• [BRIEF] From the data below, retype exactly the lines starting with the one that contains "lh i) = gibbs" and ending with the one that contains "using ln_sum_exp_add_le[OF p, where", both included.

[[ RECORDS TO USE, beginning ]]

(* Let $H:\mathbb R_+\to(0,1)$ be continuous and satisfy: (H1) there are constants $0<h_1<h_2<1$ with $h_1\le H_t\le h_2$ for all $t\ge0$; (H2) there are constants $D>0$, $\kappa\in(0,1]$ with $|H_t-H_s|\le D|t-s|^\kappa$ for all $t\ge s>0$. Let $Y$ be the multifractional Brownian motion with Hurst function $H$. Let $z(s)=s^{h_2}(\log^2s+1)^{1/2}$ for $s\ge1$ and $z(s)=1$ for $0\le s<1$, and let $K_2>0$ be a constant such that $\mathbb E(Y(t)-Y(s))^2\le K_2|t-s|^{2H_t}+K_2(H_t-H_s)^2z^2(s)$ for all $t\ge s\ge0$. Put $K_3=K_2^{1/2}(1+D^2)^{1/2}$, $h_3=\min\{h_1,\kappa\}$, $h_4=\max\{h_2,\kappa\}$, $h_5=h_4-h_3$. Let $a,b\in\mathbb R_+$ with $b-a\ge1$. Then: (a) for all $t,s\in[a,b]$ with $|t-s|\le1$, $\left(\mathbb E(Y(t)-Y(s))^2\right)^{1/2}\le K_3|t-s|^{h_3}z(b)$; (b) for all $t,s\in[a,b]$, $\left(\mathbb E(Y(t)-Y(s))^2\right)^{1/2}\le K_3|t-s|^{h_3}(b-a)^{h_5}z(b)$; (c) for all $t_1,t_2,s_1,s_2\in[a,b]$, \[ \left(\mathbb E(Y(t_1)-Y(t_2)-Y(s_1)+Y(s_2))^2\right)^{1/2}\le 2K_3\max(|t_1-s_1|,|t_2-s_2|)^{h_3}(b-a)^{h_5}z(b). \]
   Context: The (harmonizable) multifractional Brownian motion with continuous functional parameter $H$ is $Y(t)=\int_{\mathbb R}\frac{e^{itu}-1}{|u|^{H_t+1/2}}\widetilde W(du)$, $t\ge0$, where $\widetilde W$ is the Fourier transform of real Gaussian white noise $W$ (the unique complex-valued random measure with $\int f\,dW=\int\widehat f\,d\widetilde W$ a.s. for all $f\in L^2(\mathbb R)$). Such a constant $K_2$ exists. *)

theory Defs
  imports "HOL-Probability.Probability"
begin

text \<open>Harmonizable kernel of the multifractional Brownian motion:
  u |-> (e^{itu} - 1) / |u|^{H_t + 1/2}  (set to 0 at u = 0, a null set).\<close>
definition mbm_kernel :: "(real \<Rightarrow> real) \<Rightarrow> real \<Rightarrow> real \<Rightarrow> complex" where
  "mbm_kernel H t u =
     (if u = 0 then 0 else (cis (t * u) - 1) / complex_of_real (\<bar>u\<bar> powr (H t + 1/2)))"

text \<open>Covariance of the harmonizable mBm (Fourier transform normalised unitarily, so the
  control measure of the Fourier transformed white noise is Lebesgue measure):
  E[Y(t) Y(s)] = Re \<integral> k_t(u) conj(k_s(u)) du.\<close>
definition mbm_cov :: "(real \<Rightarrow> real) \<Rightarrow> real \<Rightarrow> real \<Rightarrow> real" where
  "mbm_cov H t s = Re (LINT u|lborel. mbm_kernel H t u * cnj (mbm_kernel H s u))"

text \<open>Y is (a version of) the multifractional Brownian motion with functional parameter H
  on the probability space M, indexed by t \<ge> 0: a centered real Gaussian process (every finite
  linear combination is centered normal, possibly degenerate, expressed via its characteristic
  function) with the covariance of the harmonizable representation.\<close>
definition is_mbm :: "'a measure \<Rightarrow> (real \<Rightarrow> real) \<Rightarrow> (real \<Rightarrow> 'a \<Rightarrow> real) \<Rightarrow> bool" where
  "is_mbm M H Y \<longleftrightarrow>
     (\<forall>t\<ge>0. Y t \<in> borel_measurable M \<and> integrable M (\<lambda>\<omega>. (Y t \<omega>)\<^sup>2)
             \<and> (LINT \<omega>|M. Y t \<omega>) = 0) \<and>
     (\<forall>t\<ge>0. \<forall>s\<ge>0. (LINT \<omega>|M. Y t \<omega> * Y s \<omega>) = mbm_cov H t s) \<and>
     (\<forall>F c \<theta>. finite F \<longrightarrow> F \<subseteq> {0..} \<longrightarrow>
        char (distr M borel (\<lambda>\<omega>. \<Sum>t\<in>F. c t * Y t \<omega>)) \<theta> =
        exp (- complex_of_real ((LINT \<omega>|M. (\<Sum>t\<in>F. c t * Y t \<omega>)\<^sup>2) * \<theta>\<^sup>2 / 2)))"
(* Let $q$ be a prime power and $h$ a nonnegative integer. If $M$ is a matroid and $X\subseteq E(M)$ satisfies $r_M(X)\le h$ and $\mathrm{si}(M\setminus X)\cong \mathrm{PG}(r(M)-1,q)$, then $M/X$ has no $(q,h+1)$-stack restriction.
   Context: $\mathrm{si}(\cdot)$ denotes simplification and $\mathrm{PG}(k-1,q)$ the rank-$k$ projective geometry over $\mathrm{GF}(q)$. For a prime power $q$ and nonnegative integers $h,t$, a matroid $S$ is a $(q,h,t)$-stack if there are pairwise disjoint subsets $F_1,\dots,F_h$ of $E(S)$ whose union is spanning in $S$, such that for each $i\in\{1,\dots,h\}$ the matroid $(S/(F_1\cup\dots\cup F_{i-1}))|F_i$ has rank at most $t$ and is not $\mathrm{GF}(q)$-representable. A $(q,h)$-stack is a $(q,h,t)$-stack for some $t\ge 0$. A matroid has a stack restriction if some restriction of it is such a stack. *)

theory Defs
  imports "HOL-Algebra.Ring" "HOL-Computational_Algebra.Primes"
begin

type_synonym 'a matroid = "'a set \<times> ('a set \<Rightarrow> bool)"

definition gr :: "'a matroid \<Rightarrow> 'a set" where "gr M = fst M"
definition ind :: "'a matroid \<Rightarrow> 'a set \<Rightarrow> bool" where "ind M = snd M"

definition matroid :: "'a matroid \<Rightarrow> bool" where
  "matroid M \<longleftrightarrow> finite (gr M)
     \<and> (\<forall>I. ind M I \<longrightarrow> I \<subseteq> gr M)
     \<and> ind M {}
     \<and> (\<forall>I J. ind M J \<and> I \<subseteq> J \<longrightarrow> ind M I)
     \<and> (\<forall>I J. ind M I \<and> ind M J \<and> card I < card J \<longrightarrow>
            (\<exists>e\<in>J - I. ind M (insert e I)))"

definition mrank :: "'a matroid \<Rightarrow> 'a set \<Rightarrow> nat" where
  "mrank M X = Max {card I | I. I \<subseteq> X \<and> ind M I}"
section \<open>Concave minimization over a pointed polyhedron\<close>

lemma fun_extreme_point_of_iff:
  "fun_extreme_point_of x S \<longleftrightarrow> x \<in> S \<and>
     \<not> (\<exists>a\<in>S. \<exists>b\<in>S. \<exists>u. a \<noteq> b \<and> 0 < u \<and> u < 1 \<and> x = affine_comb a b u)"
  by (simp add: fun_extreme_point_of_def affine_comb_def)

definition fun_polyhedron :: "(('v \<Rightarrow> real) \<Rightarrow> real) set \<Rightarrow> (('v \<Rightarrow> real) \<Rightarrow> real) set \<Rightarrow> ('v \<Rightarrow> real) set"
  where "fun_polyhedron E C = {x. (\<forall>g\<in>E. g x = 0) \<and> (\<forall>g\<in>C. g x \<le> 0)}"

locale pointed_polyhedron =
  fixes E C :: "(('v \<Rightarrow> real) \<Rightarrow> real) set"
  assumes finite_C: "finite C"
    and affine_E: "\<And>g. g \<in> E \<Longrightarrow> affine_fun g"
    and affine_C: "\<And>g. g \<in> C \<Longrightarrow> affine_fun g"
    and pointed: "\<And>a b. a \<in> fun_polyhedron E C \<Longrightarrow> b \<in> fun_polyhedron E C \<Longrightarrow> a \<noteq> b \<Longrightarrow> \<exists>g\<in>C. g a \<noteq> g b"
begin

abbreviation P :: "('v \<Rightarrow> real) set" where "P \<equiv> fun_polyhedron E C"

definition active :: "('v \<Rightarrow> real) \<Rightarrow> (('v \<Rightarrow> real) \<Rightarrow> real) set" where
  "active x = {g\<in>C. g x = 0}"

lemma polyhedron_le: "x \<in> P \<Longrightarrow> g \<in> C \<Longrightarrow> g x \<le> 0"
  by (simp add: fun_polyhedron_def)

lemma line_in_polyhedron:
  assumes "a \<in> P" "b \<in> P" "\<And>g. g \<in> C \<Longrightarrow> g (affine_comb a b s) \<le> 0"
  shows "affine_comb a b s \<in> P"
  unfolding fun_polyhedron_def
proof (intro CollectI conjI ballI)
  fix g assume "g \<in> E"
  then show "g (affine_comb a b s) = 0"
    using assms(1,2) affine_fun_line[OF affine_E, of g a b s] by (auto simp: fun_polyhedron_def)
qed (fact assms(3))

lemma polyhedron_convex:
  assumes "a \<in> P" "b \<in> P" "0 \<le> t" "t \<le> 1"
  shows "affine_comb a b t \<in> P"
proof (rule line_in_polyhedron[OF assms(1,2)])
  fix g assume g: "g \<in> C"
  have "(1 - t) * g a \<le> 0" "t * g b \<le> 0"
    using assms polyhedron_le[OF _ g] by (auto simp: mult_nonneg_nonpos)
  then show "g (affine_comb a b t) \<le> 0"
    using affine_C[OF g] by (simp add: affine_fun_def)
qed

lemma line_segment_in_polyhedron:
  assumes "affine_comb a b p \<in> P" "affine_comb a b q \<in> P" "p \<le> s" "s \<le> q"
  shows "affine_comb a b s \<in> P"
proof (cases "p = q")
  case False
  define t where "t = (s - p) / (q - p)"
  have "t * (q - p) = s - p" using False by (simp add: t_def)
  then have s: "(1 - t) * p + t * q = s" by (simp add: algebra_simps)
  have "0 \<le> t" "t \<le> 1" using assms False by (auto simp: t_def field_simps)
  then have "affine_comb (affine_comb a b p) (affine_comb a b q) t \<in> P"
    by (rule polyhedron_convex[OF assms(1,2)])
  then show ?thesis by (simp only: affine_comb_affine_comb s)
qed (use assms in simp)

lemma line_forward_in_polyhedron:
  assumes a: "a \<in> P" and b: "b \<in> P" and "0 \<le> s"
    and incr: "\<And>g. g \<in> C \<Longrightarrow> g a < g b \<Longrightarrow> g (affine_comb a b s) \<le> 0"
  shows "affine_comb a b s \<in> P"
proof (rule line_in_polyhedron[OF a b])
  fix g assume g: "g \<in> C"
  show "g (affine_comb a b s) \<le> 0"
  proof (cases "g a < g b")
    case False
    then have "s * (g b - g a) \<le> 0" using \<open>0 \<le> s\<close> by (simp add: mult_nonneg_nonpos)
    then show ?thesis using polyhedron_le[OF a g] affine_fun_line[OF affine_C[OF g]] by simp
  qed (use incr g in blast)
qed

lemma line_ray_in_polyhedron:
  assumes a: "a \<in> P" and b: "b \<in> P" and c: "affine_comb a b c \<in> P"
    and incr: "\<forall>g\<in>C. g a \<le> g b" and "s \<le> c"
  shows "affine_comb a b s \<in> P"
proof (rule line_in_polyhedron[OF a b])
  fix g assume g: "g \<in> C"
  have "s * (g b - g a) \<le> c * (g b - g a)" using incr g \<open>s \<le> c\<close> by (intro mult_right_mono) auto
  then show "g (affine_comb a b s) \<le> 0"
    using polyhedron_le[OF c g] affine_fun_line[OF affine_C[OF g]] by simp
qed

lemma active_inter_subset_line: "active a \<inter> active b \<subseteq> active (affine_comb a b s)"
proof
  fix g assume "g \<in> active a \<inter> active b"
  then show "g \<in> active (affine_comb a b s)"
    using affine_fun_line[OF affine_C, of g a b s] by (simp add: active_def)
qed

lemma active_affine_comb:
  assumes a: "a \<in> P" and b: "b \<in> P" and u: "0 < u" "u < 1"
  shows "active (affine_comb a b u) = active a \<inter> active b"
proof (intro equalityI subsetI)
  fix g assume "g \<in> active (affine_comb a b u)"
  then have g: "g \<in> C" "g (affine_comb a b u) = 0" by (auto simp: active_def)
  then have "(1 - u) * g a + u * g b = 0" using affine_C[OF g(1)] by (simp add: affine_fun_def)
  moreover have "(1 - u) * g a \<le> 0" "u * g b \<le> 0"
    using u polyhedron_le[OF a g(1)] polyhedron_le[OF b g(1)] by (auto simp: mult_nonneg_nonpos)
  ultimately have "(1 - u) * g a = 0" "u * g b = 0" by linarith+
  then show "g \<in> active a \<inter> active b" using g u by (auto simp: active_def)
qed (use active_inter_subset_line in blast)
lemma ones_step_bound:
  fixes p l lh :: "nat \<Rightarrow> real"
  assumes "0 < \<theta>" and p: "in_simplex n p" "\<forall>i\<le>n. 0 < p i"
  shows "\<theta> * inner_n n l (gibbs n p (\<lambda>i. - \<theta> * lh i)) + ln (\<Sum>i\<le>n. p i * exp (- \<theta> * l i))
    \<le> \<theta>\<^sup>2 / 2 * hfun (sup_norm n l) (sup_norm n (\<lambda>i. l i - lh i))"
proof -
  define d where "d = (\<lambda>i. l i - lh i)"
  define \<sigma> where "\<sigma> = sup_norm n l"
  define \<delta> where "\<delta> = sup_norm n d"
  define s where "s = min 1 (\<sigma> / \<delta>)"
  have "0 \<le> \<sigma>" and "0 \<le> \<delta>"
    unfolding \<sigma>_def \<delta>_def by (rule sup_norm_nonneg)+
  then have "0 \<le> s" and "s \<le> 1"
    by (simp_all add: s_def)
  define q where "q = gibbs n p (\<lambda>i. - \<theta> * (l i - s * d i))"
  have q: "in_simplex n q" "\<forall>i\<le>n. 0 < q i"
    unfolding q_def using in_simplex_gibbs[OF p(2)] gibbs_pos[OF p(2)] by auto
  have tilt: "gibbs n p (\<lambda>i. - \<theta> * lh i) = gibbs n q (\<lambda>i. \<theta> * (1 - s) * d i)"
    unfolding q_def gibbs_gibbs[OF p(2)] by (simp add: d_def algebra_simps)
  have "ln (\<Sum>i\<le>n. p i * exp (- \<theta> * l i))
      = ln (\<Sum>i\<le>n. p i * exp (- \<theta> * (l i - s * d i) + - \<theta> * s * d i))"
    by (simp add: algebra_simps)
  also have "\<dots> \<le> (\<Sum>i\<le>n. q i * (- \<theta> * l i)) + (\<theta> * s * \<delta> - - (\<theta> * s * \<delta>))\<^sup>2 / 8"
  proof -
    have "\<bar>\<theta> * s * d i\<bar> \<le> \<theta> * s * \<delta>" if "i \<le> n" for i
      using abs_le_sup_norm[OF that, of d] \<open>0 < \<theta>\<close> \<open>0 \<le> s\<close>
      by (simp add: \<delta>_def abs_mult mult_left_mono)
    then show ?thesis
      using ln_sum_exp_add_le[OF p, where a = "- (\<theta> * s * \<delta>)" and b = "\<theta> * s * \<delta>"
          and g = "\<lambda>i. - \<theta> * s * d i" and f = "\<lambda>i. - \<theta> * (l i - s * d i)"]
      by (simp add: q_def abs_le_iff minus_le_iff algebra_simps)
  qed
  finally have ln_le: "ln (\<Sum>i\<le>n. p i * exp (- \<theta> * l i))
      \<le> - \<theta> * (\<Sum>i\<le>n. q i * l i) + \<theta>\<^sup>2 / 2 * (s * \<delta>)\<^sup>2"
    by (simp add: sum_distrib_left power2_eq_square algebra_simps)
  have "(\<Sum>i\<le>n. gibbs n q (\<lambda>i. \<theta> * (1 - s) * d i) i * l i) - (\<Sum>i\<le>n. q i * l i)
      \<le> \<theta> * (1 - s) * \<delta> * \<sigma>"
  proof (rule gibbs_mean_shift_le[OF q])
    show "\<forall>i\<le>n. \<bar>\<theta> * (1 - s) * d i\<bar> \<le> \<theta> * (1 - s) * \<delta>"
      using abs_le_sup_norm[of _ n d] \<open>0 < \<theta>\<close> \<open>s \<le> 1\<close>
      by (simp add: \<delta>_def abs_mult mult_left_mono)
    show "\<forall>i\<le>n. \<bar>l i\<bar> \<le> \<sigma>"
      using abs_le_sup_norm[of _ n l] by (simp add: \<sigma>_def)
  qed
  then have "\<theta> * ((\<Sum>i\<le>n. gibbs n q (\<lambda>i. \<theta> * (1 - s) * d i) i * l i) - (\<Sum>i\<le>n. q i * l i))
      \<le> \<theta> * (\<theta> * (1 - s) * \<delta> * \<sigma>)"
    using \<open>0 < \<theta>\<close> by (simp only: mult_le_cancel_left_pos)
  moreover have "inner_n n l (gibbs n p (\<lambda>i. - \<theta> * lh i))
      = (\<Sum>i\<le>n. gibbs n q (\<lambda>i. \<theta> * (1 - s) * d i) i * l i)"
    unfolding inner_n_def tilt by (simp add: mult.commute)
  ultimately have "\<theta> * inner_n n l (gibbs n p (\<lambda>i. - \<theta> * lh i)) + ln (\<Sum>i\<le>n. p i * exp (- \<theta> * l i))
      \<le> \<theta> * (\<theta> * (1 - s) * \<delta> * \<sigma>) + \<theta>\<^sup>2 / 2 * (s * \<delta>)\<^sup>2"
    using ln_le by (simp add: right_diff_distrib)
  also have "\<dots> = \<theta>\<^sup>2 / 2 * hfun \<sigma> \<delta>"
    unfolding hfun_eq_min[OF \<open>0 \<le> \<sigma>\<close> \<open>0 \<le> \<delta>\<close>] s_def[symmetric]
    by (simp add: power2_eq_square algebra_simps)
  finally show ?thesis
    by (simp add: \<sigma>_def \<delta>_def d_def)
qed

lemma ones_wt_eq_gibbs:
  assumes "in_simplex n w1" and "\<forall>i\<le>n. 0 < w1 i"
  shows "ones_wt n \<theta> w1 l (Suc T) = gibbs n w1 (\<lambda>i. - \<theta> * (\<Sum>t=1..T. l t i))"
proof (induction T)
  case 0
  show ?case
    using assms(1) by (simp add: gibbs_eq in_simplex_def)
next
  case (Suc T)
  have "ones_wt n \<theta> w1 l (Suc (Suc T)) = gibbs n (ones_wt n \<theta> w1 l (Suc T)) (\<lambda>i. - \<theta> * l (Suc T) i)"
    by (simp add: gibbs_def)
  also have "\<dots> = gibbs n w1 (\<lambda>i. - \<theta> * (\<Sum>t=1..T. l t i) + - \<theta> * l (Suc T) i)"
    unfolding Suc.IH gibbs_gibbs[OF assms(2)] ..
  finally show ?case
    by (simp add: algebra_simps)
qed

lemma ones_potential_bound:
  assumes "0 < \<theta>" and w1: "in_simplex n w1" "\<forall>i\<le>n. 0 < w1 i"
  shows "(\<Sum>t=1..T. inner_n n (l t) (ones_w n \<theta> w1 l lh t))
    \<le> - (1 / \<theta>) * ln (\<Sum>i\<le>n. w1 i * exp (- \<theta> * (\<Sum>t=1..T. l t i)))
      + (\<theta> / 2) * (\<Sum>t=1..T. hfun (sup_norm n (l t)) (sup_norm n (\<lambda>i. l t i - lh t i)))"
proof (induction T)
  case 0
  show ?case
    using w1(1) by (simp add: in_simplex_def)
next
  case (Suc T)
  define L where "L = (\<lambda>i. - \<theta> * (\<Sum>t=1..T. l t i))"
  define p where "p = ones_wt n \<theta> w1 l (Suc T)"
  have p_eq: "p = gibbs n w1 L"
    unfolding p_def L_def by (rule ones_wt_eq_gibbs[OF w1])
  have p: "in_simplex n p" "\<forall>i\<le>n. 0 < p i"
    unfolding p_eq using in_simplex_gibbs[OF w1(2)] gibbs_pos[OF w1(2)] by auto
  have potential_step: "ln (\<Sum>i\<le>n. w1 i * exp (- \<theta> * (\<Sum>t=1..Suc T. l t i)))
      = ln (\<Sum>i\<le>n. w1 i * exp (L i)) + ln (\<Sum>i\<le>n. p i * exp (- \<theta> * l (Suc T) i))"
  proof -
    have "(\<Sum>i\<le>n. w1 i * exp (- \<theta> * (\<Sum>t=1..Suc T. l t i)))
        = (\<Sum>i\<le>n. w1 i * exp (L i + - \<theta> * l (Suc T) i))"
      by (simp add: L_def algebra_simps)
    then show ?thesis
      using sum_mult_exp_pos[OF w1(2), of L] sum_mult_exp_pos[OF p(2), of "\<lambda>i. - \<theta> * l (Suc T) i"]
      unfolding sum_mult_exp_add[OF w1(2)] p_eq by (simp add: ln_mult)
  qed
  have "\<theta> * inner_n n (l (Suc T)) (ones_w n \<theta> w1 l lh (Suc T)) + ln (\<Sum>i\<le>n. p i * exp (- \<theta> * l (Suc T) i))
      \<le> \<theta>\<^sup>2 / 2 * hfun (sup_norm n (l (Suc T))) (sup_norm n (\<lambda>i. l (Suc T) i - lh (Suc T) i))"
    using ones_step_bound[OF \<open>0 < \<theta>\<close> p] by (simp add: ones_w_def p_def gibbs_def)
  with Suc.IH potential_step \<open>0 < \<theta>\<close> show ?case
    by (simp add: L_def field_simps power2_eq_square)
qed

theorem corollary3:
  fixes n :: nat and \<theta> :: real and w1 w :: "nat \<Rightarrow> real"
    and l lh :: "nat \<Rightarrow> nat \<Rightarrow> real" and T :: nat
  assumes "\<theta> > 0"
    and "in_simplex n w1" and "\<forall>i\<le>n. w1 i > 0"
    and "T \<ge> 1"
    and "in_simplex n w"
  shows "(\<Sum>t=1..T. inner_n n (l t) (\<lambda>i. ones_w n \<theta> w1 l lh t i - w i))
    \<le> (1 / \<theta>) * (\<Sum>i\<le>n. w i * ln (w i / w1 i))
      + (\<theta> / 2) * (\<Sum>t=1..T. hfun (sup_norm n (l t)) (sup_norm n (\<lambda>i. l t i - lh t i)))"
proof -
  define L where "L = (\<lambda>i. \<Sum>t=1..T. l t i)"
  have "(\<Sum>t=1..T. inner_n n (l t) (\<lambda>i. ones_w n \<theta> w1 l lh t i - w i))
      = (\<Sum>t=1..T. inner_n n (l t) (ones_w n \<theta> w1 l lh t)) - (1 / \<theta>) * (\<Sum>i\<le>n. w i * (\<theta> * L i))"
    using \<open>\<theta> > 0\<close>
    by (simp add: inner_n_def L_def right_diff_distrib sum_subtractf sum_distrib_left mult_ac
        sum.swap[where A = "{..n}"])
  moreover have "- (\<Sum>i\<le>n. w i * (\<theta> * L i))
      \<le> kl_div n w w1 + ln (\<Sum>i\<le>n. w1 i * exp (- \<theta> * L i))"
    using gibbs_variational_ineq[OF assms(5,3), of "\<lambda>i. - \<theta> * L i"] by (simp add: sum_negf)
  ultimately show ?thesis
    using ones_potential_bound[OF assms(1-3), of l lh T] \<open>\<theta> > 0\<close>
    by (simp add: kl_div_def L_def field_simps)
qed

end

[[ RECORDS TO USE, end ]]

• [TASK ANSWER]
  have tilt: "gibbs n p (\<lambda>i. - \<theta> * lh i) = gibbs n q (\<lambda>i. \<theta> * (1 - s) * d i)"
    unfolding q_def gibbs_gibbs[OF p(2)] by (simp add: d_def algebra_simps)
  have "ln (\<Sum>i\<le>n. p i * exp (- \<theta> * l i))
      = ln (\<Sum>i\<le>n. p i * exp (- \<theta> * (l i - s * d i) + - \<theta> * s * d i))"
    by (simp add: algebra_simps)
  also have "\<dots> \<le> (\<Sum>i\<le>n. q i * (- \<theta> * l i)) + (\<theta> * s * \<delta> - - (\<theta> * s * \<delta>))\<^sup>2 / 8"
  proof -
    have "\<bar>\<theta> * s * d i\<bar> \<le> \<theta> * s * \<delta>" if "i \<le> n" for i
      using abs_le_sup_norm[OF that, of d] \<open>0 < \<theta>\<close> \<open>0 \<le> s\<close>
      by (simp add: \<delta>_def abs_mult mult_left_mono)
    then show ?thesis
      using ln_sum_exp_add_le[OF p, where a = "- (\<theta> * s * \<delta>)" and b = "\<theta> * s * \<delta>"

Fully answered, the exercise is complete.